In Syllabus Point 2 of Matter of Dortch, 199 W.Va. 571, 486 S.E.2d 311 (1997), [147]*147this Court discussed the review of an individual’s application for admission to the practice of law in the State of West Virginia. The Court stated:

This Court reviews de novo the adjudicatory record made before the West Virginia Board of Law Examiners with regard to questions of law, questions of application of the law to the facts, and questions of whether an applicant should or should not be admitted to the practice of law. Although this Court gives respectful consideration to the Board of Law Examiners’ recommendations, it ultimately exercises its own independent judgment. On the other hand, this Court gives substantial deference to the Board of Law Examiners’ findings of fact, unless such findings are not supported by reliable, probative, and substantial evidence on the whole record.

III.

DISCUSSION

In Syllabus Point 4 of Matter of Dortch, id., the Court outlined the factors which it would consider in assessing the moral character of an applicant to the practice of law in West Virginia whose background includes a criminal conviction. The Court stated:

When assessing the moral character of an applicant whose background includes a criminal conviction, the following factors should be considered: (1) The nature and character of the offenses committed; (2) The number and duration of offenses; (3) The age and maturity of the applicant when the offenses were committed; (4) The social and historical context in which the offenses were committed; (5) The sufficiency of the punishment undergone and restitution made in connection with the offenses; (6) The grant or denial of a pardon for offenses committed; (7) The number of years that have elapsed since the last offense was committed, and the presence or absence of misconduct during that period; (8) The applicant’s current attitude about the prior offenses (e.g., acceptance of responsibility for and renunciation of past wrongdoing, and remorse); (9) The applicant’s candor, sincerity and full disclosure in the filings and proceedings on character and fitness; (10) The applicant’s constructive activities and accomplishments subsequent to the criminal convictions; and (11) The opinions of character witnesses about the applicant’s moral fitness. These factors are intended to be illustrative rather than exhaustive.

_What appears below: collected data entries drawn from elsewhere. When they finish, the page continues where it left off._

lemma sum_padded_coeffs:
  fixes f :: "nat \<Rightarrow> 'a::semiring_0"
  assumes "m \<le> n"
  shows "(\<Sum>k<n. (if k < m then a k else 0) * f k) = (\<Sum>k<m. a k * f k)"
proof -
  have "(\<Sum>k<n. (if k < m then a k else 0) * f k) = (\<Sum>k<n. if k < m then a k * f k else 0)"
    by (intro sum.cong) auto
  also have "\<dots> = (\<Sum>k\<in>{k\<in>{..<n}. k < m}. a k * f k)"
    by (rule sum.inter_filter[symmetric]) simp
  also have "{k\<in>{..<n}. k < m} = {..<m}" using assms by auto
  finally show ?thesis .
qed

text \<open>The padded rows of a layer output \<sigma> 0, which the zero columns of the next layer ignore.\<close>
lemma hidden_pad_weights:
  assumes "d 0 = n" "\<forall>j'\<in>{1..j}. d j' \<le> n" "i < d j"
  shows "hidden \<sigma> (pad_weights d W) (\<lambda>j. pad_vec (d j) (b j)) (\<lambda>_. n) j x i
    = hidden \<sigma> W b d j x i"
  using assms(2,3)
proof (induction j arbitrary: i)
  case 0
  then show ?case by simp
next
  case (Suc j)
  have "d j \<le> n" using assms(1) Suc.prems(1) by (cases j) auto
  moreover have "i < n" using Suc.prems(1)[rule_format, of "Suc j"] Suc.prems(2) by simp
  ultimately show ?case
    using Suc
    by (simp add: layer_def vec_add_def mat_vec_def pad_vec_def pad_weights_def sum_padded_coeffs)
qed
(* Let $0 \leq a \leq b \leq 1$ and $r \in (0,3)$. For any $\rho \geq r$ and $t \geq \frac1{200}$, \[ K_t(\rho) = \begin{cases} O\!\left(\frac{t}{r^2}\exp\!\Big(-t^2\delta_b^2 - \frac{\rho^{4/3}}{8t^{2/3}}\Big)\right) & \text{if } \rho \geq 6t^2,\\[2mm] O\!\left(\frac{t}{r^2}\exp\!\Big(-t^2\delta_b^2 + t^2 - \frac{\rho^{4/3}}{8t^{2/3}}\Big)\right) & \text{if } \rho \leq 6t^2, \end{cases} \] where $\delta_b = \max(\frac14-b,0)$.
   Context: For $0\le a\le b$ and $t>0$, let $f_t(\lambda) = \frac{t}{\sqrt\pi}\int_a^b\exp(-t^2(\lambda-\mu)^2)\,d\mu$, $h_t(r) = f_t(\frac14+r^2)$, $g_t(u) = \frac{1}{2\pi}\int_{-\infty}^{+\infty}h_t(r)e^{iru}\,dr$, and define the kernel \[ K_t(\rho) = -\frac{1}{\sqrt2\,\pi}\int_\rho^{+\infty}\frac{g_t'(u)}{\sqrt{\cosh u - \cosh\rho}}\,du, \qquad \rho>0. \] $T_1 = O(T_2)$ means $|T_1|\le CT_2$ with a universal constant $C$ independent of all parameters. *)

theory Defs
  imports "HOL-Analysis.Analysis"
begin

definition f_t :: "real \<Rightarrow> real \<Rightarrow> real \<Rightarrow> real \<Rightarrow> real" where
  "f_t a b t lam = t / sqrt pi * integral {a..b} (\<lambda>mu. exp (- (t\<^sup>2 * (lam - mu)\<^sup>2)))"

definition h_t :: "real \<Rightarrow> real \<Rightarrow> real \<Rightarrow> real \<Rightarrow> real" where
  "h_t a b t r = f_t a b t (1/4 + r\<^sup>2)"

definition g_t :: "real \<Rightarrow> real \<Rightarrow> real \<Rightarrow> real \<Rightarrow> complex" where
  "g_t a b t u = complex_of_real (1 / (2 * pi)) *
     (LINT r|lborel. complex_of_real (h_t a b t r) * exp (\<i> * complex_of_real (r * u)))"

definition K_t :: "real \<Rightarrow> real \<Rightarrow> real \<Rightarrow> real \<Rightarrow> complex" where
  "K_t a b t rho = complex_of_real (- 1 / (sqrt 2 * pi)) *
     (LINT u:{rho<..}|lborel. vector_derivative (g_t a b t) (at u)
                                / complex_of_real (sqrt (cosh u - cosh rho)))"

end

theory Submission
  imports
    Defs
    "HOL-Complex_Analysis.Complex_Analysis"
    "HOL-Probability.Probability"
    "HOL-Real_Asymp.Real_Asymp"
begin
lemma phi_faithful_set_mult:
  assumes I: "I \<subseteq> carrier R" "I' \<subseteq> carrier R" and faithful: "phi_faithful I" "phi_faithful I'"
  shows "phi_faithful (I <#>\<^bsub>QR\<^esub> I')"
  unfolding phi_faithful_def
proof (intro ballI impI)
  fix z z' assume z: "z \<in> carrier QS" "z' \<in> carrier QS"
    and eq: "\<forall>i \<in> I <#>\<^bsub>QR\<^esub> I'. z \<otimes>\<^bsub>QS\<^esub> \<phi> i = z' \<otimes>\<^bsub>QS\<^esub> \<phi> i"
  have "z \<otimes>\<^bsub>QS\<^esub> \<phi> a = z' \<otimes>\<^bsub>QS\<^esub> \<phi> a" if a: "a \<in> I" for a
  proof (rule phi_faithfulD[OF faithful(2)])
    fix b assume b: "b \<in> I'"
    have ab: "a \<in> carrier R" "b \<in> carrier R" using a b I by auto
    have "a \<otimes>\<^bsub>QR\<^esub> b \<in> I <#>\<^bsub>QR\<^esub> I'" using a b unfolding set_mult_def by blast
    then have "z \<otimes>\<^bsub>QS\<^esub> \<phi> (a \<otimes>\<^bsub>QR\<^esub> b) = z' \<otimes>\<^bsub>QS\<^esub> \<phi> (a \<otimes>\<^bsub>QR\<^esub> b)" using eq by blast
    then show "z \<otimes>\<^bsub>QS\<^esub> \<phi> a \<otimes>\<^bsub>QS\<^esub> \<phi> b = z' \<otimes>\<^bsub>QS\<^esub> \<phi> a \<otimes>\<^bsub>QS\<^esub> \<phi> b"
      using ab z by (simp add: phi_mult QS.m_assoc S_in_QS phi_closed)
  qed (use S_in_QS[OF phi_closed] a I z in auto)
  then show "z = z'" using phi_faithfulD[OF faithful(1) z] by blast
qed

In Matter of Dortch, the Court also indicated that a principal concern of the Court in assessing an applicant’s admission was the preservation of public confidence in the administration of justice. In taking this position, the Court echoed the importance of public confidence in the administration of justice as discussed in In Re: Brown, 166 W.Va. 226, 273 S.E.2d 567 (1980).

In the present case, the Board of Law Examiners made certain findings of fact relating to the applicant’s eavesdropping conviction. The Board found:

The conviction is of relatively recent vintage. By your own admission, you knew that you were engaged in criminal activity.